"Выпашь" - читать интересную книгу автора (Краснов Петр Николаевич)

ХХХI

Петрик задержался на конюшне. Он сам делал массаж и бинтовал ноги своим лошадям.

Обыкновенно Валентина Петровна ему в этом помогала. Сейчас она поспешно ушла к себе. Она не могла оставаться на людях. Слезы подступали к глазам.

Она прошла в спальню, взяла у амы Настеньку и, не раздеваясь, как была, в легкой светло-серой амазонке села в кресло у раскрытого окна. Солнце опускалось за лиловые горы и тень сумерок покрывала поля. Нигде никого не было видно.

Настенька тихо лежала на коленях и улыбалась матери. Валентина Петровна охватила ладонями колени и, нагнувшись, смотрела на дочь. Таня заглянула к ней.

— Барыня, переодеваться будете?

— Нет, Таня.

— Прикажете зажечь лампы?

— Не надо, Таня.

Таня ушла и плотно притворила за собой дверь. Она знала, что, когда «такое» находило на ее барыню, — лучше оставить ее в покое.

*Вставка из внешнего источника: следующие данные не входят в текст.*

(* Let $(\mathcal{Z},d)$ be a Polish metric space, $p\in(1,\infty)$, $q=p/(p-1)$, $\alpha>0$, $\mathbb{P}\in\mathcal{P}_p(\mathcal{Z})$. Let $\ell:\mathcal{Z}\to\mathbb{R}$ be Borel and integrable with respect to every $\mathbb{Q}\in\mathfrak{W}^\alpha_p(\mathbb{P})$, and let $G:\mathcal{Z}\to[0,\infty)$ be Borel. Assume that for every $z,z'\in\mathcal{Z}$ there is a constant-speed geodesic $\varrho:[0,1]\to\mathcal{Z}$ with $\varrho(0)=z$, $\varrho(1)=z'$ such that $$|\ell(z')-\ell(z)|\le\Big(\int_0^1G(\varrho(t))\,dt\Big)\,d(z,z')\quad\text{and}\quad G(\varrho(t))\le(1-t)G(z)+tG(z')\ \ \forall t\in[0,1].$$ Let $\mu=\sup_{\mathbb{Q}\in\mathfrak{W}^\alpha_p(\mathbb{P})}\big(\mathbb{E}_{z\sim\mathbb{Q}}[G(z)^q]\big)^{1/q}$. Then for every $\mathbb{Q}\in\mathfrak{W}^\alpha_p(\mathbb{P})$, $$R_{\mathbb{Q}}(\ell)\le R_{\mathbb{P},\alpha,p}(\ell)\le R_{\mathbb{Q}}(\ell)+2\alpha\mu.$$
   Context: A constant-speed geodesic from $z$ to $z'$ is a map $\varrho:[0,1]\to\mathcal{Z}$ with $\varrho(0)=z$, $\varrho(1)=z'$ and $d(\varrho(s),\varrho(t))=(t-s)\,d(z,z')$ for $0\le s\le t\le1$. $\mathcal{P}_p(\mathcal{Z})$ is the set of Borel probability measures with finite $p$-th moment; $\mathcal{W}_p(\mathbb{P},\mathbb{Q})=\big(\inf_{\gamma\in\Gamma(\mathbb{P},\mathbb{Q})}\int d(z,z')^p\,d\gamma\big)^{1/p}$ over couplings $\gamma$; $\mathfrak{W}^\alpha_p(\mathbb{P})=\{\mathbb{Q}\in\mathcal{P}_p(\mathcal{Z}):\mathcal{W}_p(\mathbb{P},\mathbb{Q})\le\alpha\}$; $R_{\mathbb{Q}}(\ell)=\int\ell\,d\mathbb{Q}$ and $R_{\mathbb{P},\alpha,p}(\ell)=\sup_{\mathbb{Q}\in\mathfrak{W}^\alpha_p(\mathbb{P})}R_{\mathbb{Q}}(\ell)$. *)

theory Defs
  imports "HOL-Probability.Probability"
begin

definition borel_prob :: "'a::metric_space measure \<Rightarrow> bool" where
  "borel_prob P \<longleftrightarrow> prob_space P \<and> sets P = sets borel"

definition Pp :: "real \<Rightarrow> 'a::metric_space measure set" where
  "Pp p = {P. borel_prob P \<and> (\<exists>z0. (\<integral>\<^sup>+ z. ennreal (dist z0 z powr p) \<partial>P) < \<infinity>)}"

definition couplings :: "'a::metric_space measure \<Rightarrow> 'a measure \<Rightarrow> ('a \<times> 'a) measure set" where
  "couplings P Q = {\<gamma>. prob_space \<gamma> \<and> sets \<gamma> = sets (borel \<Otimes>\<^sub>M borel)
                        \<and> distr \<gamma> borel fst = P \<and> distr \<gamma> borel snd = Q}"

text \<open>p-Wasserstein distance (finite for P, Q in P_p).\<close>
definition wasserstein :: "real \<Rightarrow> 'a::metric_space measure \<Rightarrow> 'a measure \<Rightarrow> real" where
  "wasserstein p P Q =
     (enn2real (INF \<gamma>\<in>couplings P Q. \<integral>\<^sup>+ x. ennreal (dist (fst x) (snd x) powr p) \<partial>\<gamma>)) powr (1/p)"

definition wball :: "real \<Rightarrow> real \<Rightarrow> 'a::metric_space measure \<Rightarrow> 'a measure set" where
  "wball p \<alpha> P = {Q \<in> Pp p. wasserstein p P Q \<le> \<alpha>}"

definition risk :: "'a measure \<Rightarrow> ('a \<Rightarrow> real) \<Rightarrow> real" where
  "risk Q l = (\<integral>z. l z \<partial>Q)"

definition worst_risk :: "real \<Rightarrow> real \<Rightarrow> 'a::metric_space measure \<Rightarrow> ('a \<Rightarrow> real) \<Rightarrow> ereal" where
  "worst_risk p \<alpha> P l = (SUP Q\<in>wball p \<alpha> P. ereal (risk Q l))"

definition constant_speed_geodesic :: "(real \<Rightarrow> 'a::metric_space) \<Rightarrow> 'a \<Rightarrow> 'a \<Rightarrow> bool" where
  "constant_speed_geodesic \<rho> z z' \<longleftrightarrow> \<rho> 0 = z \<and> \<rho> 1 = z' \<and>
     (\<forall>s t. 0 \<le> s \<longrightarrow> s \<le> t \<longrightarrow> t \<le> 1 \<longrightarrow> dist (\<rho> s) (\<rho> t) = (t - s) * dist z z')"

definition Lq_norm :: "real \<Rightarrow> 'a measure \<Rightarrow> ('a \<Rightarrow> real) \<Rightarrow> ereal" where
  "Lq_norm q Q G = (let I = (\<integral>\<^sup>+ z. ennreal (G z powr q) \<partial>Q) in
     if I = \<infinity> then \<infinity> else ereal (enn2real I powr (1/q)))"

end

theory Submission
  imports Defs
begin

text \<open>Convexity of \<open>G\<close> along the path turns the path bound into the two-point estimate
\<open>\<bar>l z' - l z\<bar> \<le> (G z + G z') / 2 * dist z z'\<close>. Integrating it against a nearly optimal coupling
of two measures \<open>A\<close>, \<open>B\<close> and applying H\<ouml>lder's inequality to each half bounds
\<open>\<bar>R\<^sub>B(l) - R\<^sub>A(l)\<bar>\<close> by \<open>\<mu> * W\<^sub>p(A, B)\<close>. Comparing every measure of the ball with its centre
\<open>P\<close> then shows that no risk in the ball exceeds \<open>R\<^sub>Q(l)\<close> by more than \<open>2 \<alpha> \<mu>\<close>.\<close>

lemma interval_integral_01_le_chord_average:
  fixes f :: "real \<Rightarrow> real"
  assumes "0 \<le> a + b" and below: "\<forall>t\<in>{0..1}. f t \<le> (1 - t) * a + t * b"
  shows "(LBINT t=0..1. f t) \<le> (a + b) / 2"
proof -
  have Icc: "(LBINT t=0..1. h t) = (LBINT t:{0..1}. h t)" for h :: "real \<Rightarrow> real"
    using interval_integral_Icc[of 0 1 h] by (simp add: zero_ereal_def one_ereal_def)
  have "interval_lebesgue_integral lborel (ereal 0) (ereal 1) (\<lambda>t. (1 - t) * a + t * b)
      = (1 * a - 1 * 1 / 2 * a + 1 * 1 / 2 * b) - (0 * a - 0 * 0 / 2 * a + 0 * 0 / 2 * b)"
    by (rule interval_integral_FTC_finite[where F = "\<lambda>t. t * a - t * t / 2 * a + t * t / 2 * b"])
      (auto intro!: continuous_intros derivative_eq_intros simp: field_simps)
  then have chord: "(LBINT t:{0..1}. (1 - t) * a + t * b) = (a + b) / 2"
    by (simp add: Icc[symmetric] zero_ereal_def one_ereal_def)
  show ?thesis
  proof (cases "set_integrable lborel {0..1::real} f")
    case True
    have "(LBINT t:{0..1}. f t) \<le> (LBINT t:{0..1}. (1 - t) * a + t * b)"
      by (rule set_integral_mono[OF True]) (use below in \<open>auto intro!: borel_integrable_atLeastAtMost' continuous_intros\<close>)
    then show ?thesis by (simp add: Icc chord)
  next
    case False
    then have "(LBINT t:{0..1}. f t) = 0"
      by (simp add: set_lebesgue_integral_def set_integrable_def not_integrable_integral_eq)
    then show ?thesis using \<open>0 \<le> a + b\<close> by (simp add: Icc)
  qed
qed

lemma abs_diff_le_mean_slope_of_path:
  fixes l G :: "'a::metric_space \<Rightarrow> real" and \<rho> :: "real \<Rightarrow> 'a"
  assumes "0 \<le> G z" "0 \<le> G z'"
    and "\<bar>l z' - l z\<bar> \<le> (LBINT t=0..1. G (\<rho> t)) * dist z z'"
    and "\<forall>t\<in>{0..1}. G (\<rho> t) \<le> (1 - t) * G z + t * G z'"
  shows "\<bar>l z' - l z\<bar> \<le> (G z + G z') / 2 * dist z z'"
proof -
  have "(LBINT t=0..1. G (\<rho> t)) \<le> (G z + G z') / 2"
    using assms(1,2,4) by (intro interval_integral_01_le_chord_average) simp_all
  then show ?thesis
    using assms(3) by (meson order.trans mult_right_mono zero_le_dist)
qed
definition interpolation_term :: "'a::real_inner \<Rightarrow> 'a \<Rightarrow> 'a \<Rightarrow> real" where
  "interpolation_term d gu gv =
     gv \<bullet> d + \<mu> / 2 * (norm d)\<^sup>2 + 1 / (2 * (L - \<mu>)) * (norm (gu - gv - \<mu> *\<^sub>R d))\<^sup>2"

lemma lyapunov_quad_step_identity:
  fixes X Y G X' Y' G' :: "'a::real_inner"
  assumes y_next: "Y' = X - (1 / L) *\<^sub>R G"
    and x_next: "X' = Y' + (1 / (2 * \<gamma> + 1)) *\<^sub>R (Y' - Y) + (1 / (2 * \<gamma> + 1)) *\<^sub>R (Y' - X)"
  shows "lyapunov_quad X Y G - (1 + \<gamma>) * lyapunov_quad X' Y' G'
      + \<gamma> * interpolation_term (- X) 0 G + (1 + \<gamma>) * interpolation_term (X - X') G G'
    = \<mu> * (1 + \<gamma>) * (2 * \<gamma> + 1) * (\<gamma> + 2) / (2 * \<gamma> * (3 * \<gamma> + 2)) * (norm (X - Y))\<^sup>2
      + \<gamma> ^ 3 / (\<mu> * (\<gamma> + 2) * (3 * \<gamma> + 2)) * (norm G)\<^sup>2"
proof -
  \<comment> \<open>Opaque names for the linear factors stop \<open>field_simps\<close> from multiplying them out,
    so that it can still see they are nonzero.\<close>
  obtain r q p a where r: "r = 1 + \<gamma>" and q: "q = \<gamma> + 2" and p: "p = 3 * \<gamma> + 2" and a: "a = 2 * \<gamma> + 1"
    by simp
  have nz: "\<gamma> \<noteq> 0" "\<mu> \<noteq> 0" "r \<noteq> 0" "q \<noteq> 0" "p \<noteq> 0" "a \<noteq> 0"
    using gamma_pos mu_pos r q p a by auto
  \<comment> \<open>Fresh names for the basis keep the rewrite rules \<open>X = comb4 B1 \<dots> 1 0 0 0\<close> from looping.\<close>
  obtain B1 B2 B3 B4 where B: "B1 = X" "B2 = Y" "B3 = G" "B4 = G'"
    by blast
  have XB: "X = comb4 B1 B2 B3 B4 1 0 0 0" "Y = comb4 B1 B2 B3 B4 0 1 0 0"
     "G = comb4 B1 B2 B3 B4 0 0 1 0" "G' = comb4 B1 B2 B3 B4 0 0 0 1"
     "0 = comb4 B1 B2 B3 B4 0 0 0 0"
    by (simp_all add: B comb4_def)
  show ?thesis
    unfolding x_next y_next lyapunov_quad_def interpolation_term_def power2_norm_eq_inner L_minus_mu_eq
    unfolding r[symmetric] q[symmetric] p[symmetric] a[symmetric]
    unfolding L_eq r[symmetric] q[symmetric]
    unfolding XB
    apply (simp only: comb4_normalize)
    apply (rule gram4_cong)
    apply (simp_all add: nz field_simps)
    apply (simp_all add: r q p a)
    apply algebra+
    done
qed
lemma shifted_witness:
  fixes n :: nat and F :: "nat set set"
  assumes n: "2 \<le> n" and F: "F \<subseteq> Pow {..<n - 1}"
    and size: "2 ^ (n - 1) + int ((n - 1) choose (n div 2)) - 1 \<le> 2 * int (card F)"
    and bias: "\<And>i. i < n - 1 \<Longrightarrow> int ((n - 1) choose (n div 2)) - 1 \<le> 2 * bias F i"
  shows "\<exists>w. (\<forall>i<n. w i \<le> 1) \<and> (\<forall>i. n \<le> i \<longrightarrow> w i = 0) \<and>
           (\<lambda>_. 0) \<in> shifted n w \<and> shifted n w \<subseteq> KM n (Mval n)"
proof -
  define c where "c = int ((n - 1) choose (n div 2))"
  define P where "P = Pow {..<n - 1}"
  define s where "s G j = (\<Sum>A\<in>G. sign_vector n A j)" for G j
  \<comment> \<open>the unique \<open>w\<close> that makes the subset sum of \<open>F\<close> a zero of the shifted set\<close>
  define w where "w j = (if j < n then c + s P j - 2 * s F j else 0)" for j
  have n1: "1 \<le> n" using n by simp
  have "finite P" "finite F" using F by (auto simp: P_def intro: finite_subset)
  have w_le: "w j \<le> 1" if "j < n" for j
  proof (cases j)
    case 0
    then show ?thesis
      using size \<open>finite P\<close> by (simp add: w_def s_def c_def sum_sign_vector_0 P_def card_Pow)
  next
    case (Suc i)
    then have "s P j = 0" "s F j = bias F i"
      using that \<open>finite F\<close> bias_Pow[of "{..<n - 1}" i]
      by (simp_all add: s_def P_def sum_sign_vector_Suc)
    moreover have "c - 1 \<le> 2 * bias F i" using bias[of i] that Suc by (simp add: c_def)
    ultimately show ?thesis using that by (simp add: w_def)
  qed
  have shifted: "shifted n w = (\<lambda>G j. if j < n then real_of_int (s G j - s F j) else 0) ` Pow P"
    unfolding shifted_def Pset_eq_sign_vector_sums[OF n1] image_image P_def
    by (rule image_cong[OF refl])
      (simp add: fun_eq_iff w_def s_def c_def P_def gV_eq_sign_vector_sum[OF n1] field_simps)
  have zero: "(\<lambda>_. 0) \<in> shifted n w"
    unfolding shifted using F by (intro image_eqI[where x = F]) (auto simp: P_def)
  have card_P: "int (card P) = 2 ^ (n - 1)" by (simp add: P_def card_Pow)
  have Mval: "2 * Mval n = 2 ^ (n - 1) - real_of_int c + 1"
  proof -
    have "n - 1 = Suc (n - 2)" using n by simp
    then show ?thesis by (simp add: Mval_def c_def)
  qed
  have "shifted n w \<subseteq> KM n (Mval n)"
  proof (clarsimp simp: shifted KM_def)
    fix G j assume "G \<subseteq> P" "j < n"
    have "2 * s G j \<le> s P j + int (card P)"
      unfolding s_def using \<open>finite P\<close> \<open>G \<subseteq> P\<close>
      by (rule two_sum_le_sum_plus_card) (simp add: abs_sign_vector_le)
    moreover have "c + s P j - 2 * s F j \<le> 1"
      using w_le[OF \<open>j < n\<close>] \<open>j < n\<close> by (simp add: w_def)
    ultimately have "2 * (s G j - s F j) \<le> 2 ^ (n - 1) - c + 1" using card_P by (simp add: algebra_simps)
    then have "real_of_int (2 * (s G j - s F j)) \<le> real_of_int (2 ^ (n - 1) - c + 1)"
      by (simp only: of_int_le_iff)
    then show "real_of_int (s G j) - real_of_int (s F j) \<le> Mval n" using Mval by simp
  qed
  then show ?thesis using w_le zero by (intro exI[of _ w]) (simp add: w_def)
qed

Валентина Петровна думала.

"Однако как же, в самом деле, разрешался этот вопрос раньше? Война?.. Она перебирала мемуары, прочитанные ею в "Русской Старине", "Историческом Вестнике",

"Русском Архиве", романы и повести о войне. Например… в "Войне и Мире" гр.

Толстого?.. Как же там-то было? Николенька ушел на войну… И Соня осталась… И осталась Наташа, влюбленная в Андрея Болконского. Андрей Болконский оставил маленькую княгиню… Да, оставил… Но там — была семья".

"А, вот оно что!.. У нее… Отец умер в тот страшный год… Мать последовала за ним в тот год, когда родилась ее Настя. У ней — нет семьи. У ней ее никогда не было. Она солдатская дочь. Семья — это, когда много… Братья, сестры, дяди, тетки… Какой муравейник кипел в семье Ростовых и такой же был муравейник и в семье автора "Войны и Мира". Там война украшена любовью… Да ведь"…

Валентина Петровна даже удивилась, как она этого не понимала раньше.

"Весь смысл жизни — в семье. От семьи — Родина — и в ней все. Замыкается круг…

Но это было. Не так давно — но это уже прошедшее. Она уже этого не застала и она не сумела создать этого ни себе, ни Насте… Изменились условия жизни. Семья — это дом… Поместье… деревня. Она не застала помещиков. Она нашла служащих, родилась у солдата. Ей — эта новая, прославленная теперь социалистами роевая жизнь города! В этой жизни — семьи не полагается. Есть — знакомые. И все хорошо, пока все благополучно. Пока ее папочка служил в Захолустном штабе и занимал видное место начальника дивизии — вся дивизия, вся округа Захолустного штаба были ее знакомые. Но, как только папочку уволили со службы, многие знакомые перестали ей кланяться. То же было и в Петербурге. Пока ее первый муж, профессор Тропарев был жив, — сколько и каких знакомых у ней было!.. Но он умер, общественное мнение бросило тень на нее, и где они — все эти Саблины, Барковы, Полуяновы, Стасские? И разве можно приехать к ним да еще с ребенком? Знакомые?..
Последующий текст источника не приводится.